WOOD BLOCK PLANE: Although this is a very old design they are still used today to remove a large amount of wood. This is due to the fact that they are lighter than steel planes and therefore they can be used comfortably for longer periods.

   

JACK PLANE: This is the steel equivalent of the wooden block plane. It has a steel body and because it is heavier than the wood block plane it is easier to hold down on the surface of the wood being planed. It is used to plane longer pieces of wood.

   

SMALL BLOCK PLANE: This is a small version of a wood block plane and it is used for light work such as producing 'chamfers'. It is normally held and used in one hand.

     

SMOOTHING PLANE: A shorter version of the steel jack plane. It is used for general work such as smoothing short pieces of wood. It is lighter and smaller than the jack plane

 
     

BULLNOSE PLANE: This is used to plain right into corners. The blade can be seen to go almost up to the end of the plane's body and consequently very little material is missed in a corner.

 
   

REBATE PLANE: Used for producing shoulders or rebates. A good example is a base to a jewellery box which is rebated into the sides. (See Lapped Joint)

   

COMBINATION PLANE: Used in a similar way to a rebate plane. It can be used for creating a shoulder/rebate on the edge of a piece of wood.
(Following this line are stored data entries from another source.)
lemma feature_integral_nonneg: "0 \<le> feature_integral v (feature_fun v)"
  using feature_integral_psd[of 0] by simp

lemma rkhs_norm_sq_feature_fun_le:
  "rkhs_norm_sq X k (feature_fun v) \<le> ereal (feature_integral v (feature_fun v))"
proof (rule rkhs_norm_sq_le)
  fix n and p :: "nat \<Rightarrow> 'a" and c :: "nat \<Rightarrow> real"
  assume p: "\<forall>i<n. p i \<in> X" and normalised: "(\<Sum>i<n. \<Sum>j<n. c i * c j * k (p i) (p j)) \<le> 1"
  define q where "q = feature_integral v (feature_fun v)"
  define S where "S = (\<Sum>i<n. c i * feature_fun v (p i))"
  define D where "D = (\<Sum>i<n. \<Sum>j<n. c i * c j * k (p i) (p j))"
  have "0 \<le> q + 2 * t * S + t\<^sup>2 * D" for t
    using feature_integral_psd[OF p, of v "\<lambda>i. t * c i"]
    by (simp add: q_def S_def D_def sum_distrib_left power2_eq_square ac_simps)
  then have "S\<^sup>2 \<le> q * D"
    using kernel_psd[OF p] by (intro square_le_of_quadratic_nonneg) (simp_all add: D_def)
  also have "\<dots> \<le> q"
    using normalised feature_integral_nonneg[of v] mult_left_le[of D q]
    by (simp add: q_def D_def)
  finally show "(\<Sum>i<n. c i * feature_fun v (p i))\<^sup>2 \<le> feature_integral v (feature_fun v)"
    by (simp add: S_def q_def)
qed

lemma feature_integral_le_rkhs_norm_sq:
  assumes r: "rkhs_norm_sq X k (feature_fun v) = ereal r"
  shows "feature_integral v (feature_fun v) \<le> r"
proof -
  obtain J A z where fine: "\<And>n. fine_partition (1 / real (Suc n)) (J n) (A n) (z n)"
    using fine_partition_sequence by blast
  define q where "q = feature_integral v (feature_fun v)"
  define S where "S n = (\<Sum>j<J n. feature_weight (A n) v j * feature_fun v (z n j))" for n
  define D where "D n = (\<Sum>j<J n. \<Sum>l<J n.
      feature_weight (A n) v j * feature_weight (A n) v l * k (z n j) (z n l))" for n
  have "(S n)\<^sup>2 \<le> r * D n" for n
    unfolding S_def D_def
    using fine_partition_tag[OF fine] by (intro rkhs_norm_sq_cauchy_schwarz[OF r]) blast
  moreover have "(\<lambda>n. (S n)\<^sup>2) \<longlonglongrightarrow> q\<^sup>2" and "(\<lambda>n. r * D n) \<longlonglongrightarrow> r * q"
    unfolding S_def D_def q_def
    by (intro tendsto_intros LIMSEQ_feature_riemann_sum[OF fine] LIMSEQ_feature_gram_sum[OF fine])+
  ultimately have "q\<^sup>2 \<le> r * q"
    by (intro LIMSEQ_le) auto
  moreover have "0 \<le> q" and "0 \<le> r"
    using feature_integral_nonneg rkhs_norm_sq_nonneg[of X k "feature_fun v"] r
    by (auto simp: q_def)
  ultimately show ?thesis
    unfolding q_def[symmetric] by (cases "q = 0") (auto simp: power2_eq_square)
qed

lemma rkhs_norm_sq_feature_fun:
  "rkhs_norm_sq X k (feature_fun v) = ereal (feature_integral v (feature_fun v))"
proof -
  obtain r where r: "rkhs_norm_sq X k (feature_fun v) = ereal r"
    using rkhs_norm_sq_feature_fun_le[of v] rkhs_norm_sq_nonneg[of X k "feature_fun v"]
    by (cases "rkhs_norm_sq X k (feature_fun v)") auto
  with rkhs_norm_sq_feature_fun_le[of v] feature_integral_le_rkhs_norm_sq[OF r] show ?thesis
    by simp
qed

lemma feature_fun_eq_zero:
  assumes "feature_integral v (feature_fun v) = 0" and "x \<in> X"
  shows "feature_fun v x = 0"
proof -
  have "rkhs_norm_sq X k (feature_fun v) = ereal 0"
    using assms(1) by (simp add: rkhs_norm_sq_feature_fun)
  from rkhs_norm_sq_cauchy_schwarz[OF this, of 1 "\<lambda>_. x" "\<lambda>_. 1"] \<open>x \<in> X\<close>
  show ?thesis
    by simp
qed

lemma C_LL_mult_nth: "(C_LL X k \<mu> *v v) $ m = sint (\<mu> m) (\<lambda>x. indicator X x * feature_fun v x)"
proof -
  have "sint (\<mu> m) (\<lambda>x. indicator X x * feature_fun v x)
      = (\<Sum>j\<in>UNIV. v $ j * sint (\<mu> m) (\<lambda>x. indicator X x * cov_op X k (\<mu> j) x))"
    unfolding feature_fun_def
    by (rule sint_linear_comb[OF features compact continuous_on_cov_op[OF features]])
  then show ?thesis
    by (simp add: matrix_vector_mult_def C_LL_def ac_simps)
qed

lemma inner_C_LL: "u \<bullet> (C_LL X k \<mu> *v v) = feature_integral u (feature_fun v)"
  unfolding inner_vec_def C_LL_mult_nth feature_integral_def by simp

lemma C_LL_sym: "u \<bullet> (C_LL X k \<mu> *v v) = v \<bullet> (C_LL X k \<mu> *v u)"
  unfolding inner_C_LL by (rule feature_integral_sym)

lemma C_LL_psd: "0 \<le> v \<bullet> (C_LL X k \<mu> *v v)"
  unfolding inner_C_LL by (rule feature_integral_nonneg)

lemma transpose_C_LD_mult_nth:
  assumes "xs n \<in> X"
  shows "(transpose (C_LD X k \<mu> xs) *v v) $ n = feature_fun v (xs n)"
proof -
  have "(\<lambda>x. indicator X x * k x (xs n)) = (\<lambda>x. indicator X x * k (xs n) x)"
    using kernel_sym[OF _ assms] by (auto simp: indicator_def)
  then show ?thesis
    unfolding matrix_vector_mult_def transpose_def C_LD_def feature_fun_def cov_op_def
    by (simp add: ac_simps)
qed

lemma C_xL_inner: "C_xL X k \<mu> x \<bullet> v = feature_fun v x"
  unfolding inner_vec_def C_xL_def feature_fun_def by (simp add: ac_simps)

lemma nystrom_space_eq_range: "nystrom_space X k \<mu> = range feature_fun"
proof (intro equalityI subsetI)
  fix g assume "g \<in> nystrom_space X k \<mu>"
  then obtain a where "g = (\<lambda>x. \<Sum>m\<in>UNIV. a m * cov_op X k (\<mu> m) x)"
    unfolding nystrom_space_def by blast
  then have "g = feature_fun (vec_lambda a)"
    by (simp add: feature_fun_def[abs_def])
  then show "g \<in> range feature_fun"
    by blast
next
  fix g assume "g \<in> range feature_fun"
  then show "g \<in> nystrom_space X k \<mu>"
    unfolding nystrom_space_def feature_fun_def[abs_def] by blast
qed

lemma krr_objective_feature_fun:
  fixes xs :: "'n::finite \<Rightarrow> 'a"
  assumes "\<forall>n. xs n \<in> X"
  shows "krr_objective X k xs y lam (feature_fun v)
       = ereal ((norm (transpose (C_LD X k \<mu> xs) *v v - y))\<^sup>2 / CARD('n)
                + lam * (v \<bullet> (C_LL X k \<mu> *v v)))"
proof -
  have "(norm (transpose (C_LD X k \<mu> xs) *v v - y))\<^sup>2 = (\<Sum>n\<in>UNIV. (feature_fun v (xs n) - y $ n)\<^sup>2)"
    unfolding power2_norm_eq_inner inner_vec_def
    using assms by (simp del: transpose_matrix_vector add: transpose_C_LD_mult_nth power2_eq_square)
  then show ?thesis
    by (simp add: krr_objective_def rkhs_norm_sq_feature_fun inner_C_LL)
qed

lemma mean_Qstar_eq_feature_fun:
  assumes "invertible (C_LL X k \<mu>)" and "\<sigma>2 > 0"
  obtains v where "mean_Qstar X k \<mu> xs y \<sigma>2 = feature_fun v"
    and "(\<sigma>2 *\<^sub>R C_LL X k \<mu> + C_LD X k \<mu> xs ** transpose (C_LD X k \<mu> xs)) *v v = C_LD X k \<mu> xs *v y"
proof
  let ?G = "\<sigma>2 *\<^sub>R C_LL X k \<mu> + C_LD X k \<mu> xs ** transpose (C_LD X k \<mu> xs)"
  define v where "v = matrix_inv ?G *v (C_LD X k \<mu> xs *v y)"
  show "mean_Qstar X k \<mu> xs y \<sigma>2 = feature_fun v"
    by (rule ext) (simp only: mean_Qstar_def C_xL_inner v_def)
  have "invertible ?G"
    using invertible_psd_add_gram[OF assms(1) C_LL_sym C_LL_psd assms(2)] .
  then show "?G *v v = C_LD X k \<mu> xs *v y"
    unfolding v_def matrix_vector_mul_assoc matrix_mul_assoc matrix_inv_right[OF \<open>invertible ?G\<close>]
      matrix_mul_lid by simp
qed

lemma krr_objective_feature_fun_add:
  fixes xs :: "'n::finite \<Rightarrow> 'a"
  assumes xs: "\<forall>n. xs n \<in> X"
    and normal: "((real CARD('n) * lam) *\<^sub>R C_LL X k \<mu> + C_LD X k \<mu> xs ** transpose (C_LD X k \<mu> xs))
      *v v = C_LD X k \<mu> xs *v y"
  shows "krr_objective X k xs y lam (feature_fun (v + d))
       = krr_objective X k xs y lam (feature_fun v)
         + ereal ((norm (transpose (C_LD X k \<mu> xs) *v d))\<^sup>2 / CARD('n)
                  + lam * (d \<bullet> (C_LL X k \<mu> *v d)))"
proof -
  have "(norm (transpose (C_LD X k \<mu> xs) *v (v + d) - y))\<^sup>2 / CARD('n)
        + lam * ((v + d) \<bullet> (C_LL X k \<mu> *v (v + d)))
      = (norm (transpose (C_LD X k \<mu> xs) *v v - y))\<^sup>2 / CARD('n) + lam * (v \<bullet> (C_LL X k \<mu> *v v))
        + ((norm (transpose (C_LD X k \<mu> xs) *v d))\<^sup>2 / CARD('n) + lam * (d \<bullet> (C_LL X k \<mu> *v d)))"
    using quadratic_objective_expansion[OF C_LL_sym normal, of d] by (simp add: field_simps)
  then show ?thesis
    by (simp add: krr_objective_feature_fun[OF xs])
qed

lemma krr_argmin_of_normal_equations:
  fixes xs :: "'n::finite \<Rightarrow> 'a"
  assumes xs: "\<forall>n. xs n \<in> X" and "lam > 0"
    and normal: "((real CARD('n) * lam) *\<^sub>R C_LL X k \<mu> + C_LD X k \<mu> xs ** transpose (C_LD X k \<mu> xs))
      *v v = C_LD X k \<mu> xs *v y"
  shows "is_argmin_on (krr_objective X k xs y lam) (nystrom_space X k \<mu>) (feature_fun v)"
    and "is_argmin_on (krr_objective X k xs y lam) (nystrom_space X k \<mu>) f \<Longrightarrow> x \<in> X
      \<Longrightarrow> f x = feature_fun v x"
proof -
  let ?J = "krr_objective X k xs y lam"
  define excess where "excess d = (norm (transpose (C_LD X k \<mu> xs) *v d))\<^sup>2 / CARD('n)
      + lam * (d \<bullet> (C_LL X k \<mu> *v d))" for d
  have gap: "?J (feature_fun (v + d)) = ?J (feature_fun v) + ereal (excess d)" for d
    unfolding excess_def by (rule krr_objective_feature_fun_add[OF xs normal])
  obtain c where c: "?J (feature_fun v) = ereal c"
    using krr_objective_feature_fun[OF xs] by blast
  have shift: "\<exists>d. g = feature_fun (v + d)" if "g \<in> nystrom_space X k \<mu>" for g
    using that unfolding nystrom_space_eq_range by (auto intro: exI[of _ "_ - v"])
  have minimiser: "is_argmin_on ?J (nystrom_space X k \<mu>) (feature_fun v)"
    unfolding is_argmin_on_def
  proof (intro conjI ballI)
    show "feature_fun v \<in> nystrom_space X k \<mu>"
      unfolding nystrom_space_eq_range by simp
    fix g assume "g \<in> nystrom_space X k \<mu>"
    then obtain d where "g = feature_fun (v + d)"
      using shift by blast
    moreover have "0 \<le> excess d"
      using C_LL_psd[of d] \<open>lam > 0\<close> by (simp add: excess_def)
    ultimately show "?J (feature_fun v) \<le> ?J g"
      by (simp add: gap c)
  qed
  then show "is_argmin_on ?J (nystrom_space X k \<mu>) (feature_fun v)" .
  assume f: "is_argmin_on ?J (nystrom_space X k \<mu>) f" and "x \<in> X"
  then obtain d where fd: "f = feature_fun (v + d)"
    using shift unfolding is_argmin_on_def by blast
  with f minimiser have "excess d \<le> 0"
    unfolding is_argmin_on_def by (fastforce simp: gap c)
  moreover have "0 \<le> (norm (transpose (C_LD X k \<mu> xs) *v d))\<^sup>2 / CARD('n)"
    and "0 \<le> lam * (d \<bullet> (C_LL X k \<mu> *v d))"
    using C_LL_psd[of d] \<open>lam > 0\<close> by simp_all
  ultimately have "lam * (d \<bullet> (C_LL X k \<mu> *v d)) = 0"
    unfolding excess_def by linarith
  then show "f x = feature_fun v x"
    using feature_fun_eq_zero[OF _ \<open>x \<in> X\<close>] \<open>lam > 0\<close> by (simp add: fd feature_fun_add inner_C_LL)
qed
This plane has an advantage over the rebate plane as it is adjustable for different widths. (See Lapped Joint)

 

 

   

MACHINE PLANE: This is favoured by DIY enthusiasts as it saves time. A blade revolves at high speed and as the machine plane is pushed across the surface of the wood - it is planed. A big disadvantage of these planes is that they are potentially very dangerous if misused. Also, sometimes the finish to the surface is not as smooth or precise as a hand held plane being carefully used.

     
     
1. Explain the proper use of a plane

2. Explain when a jack plane would be used in stead of a smoothing plane.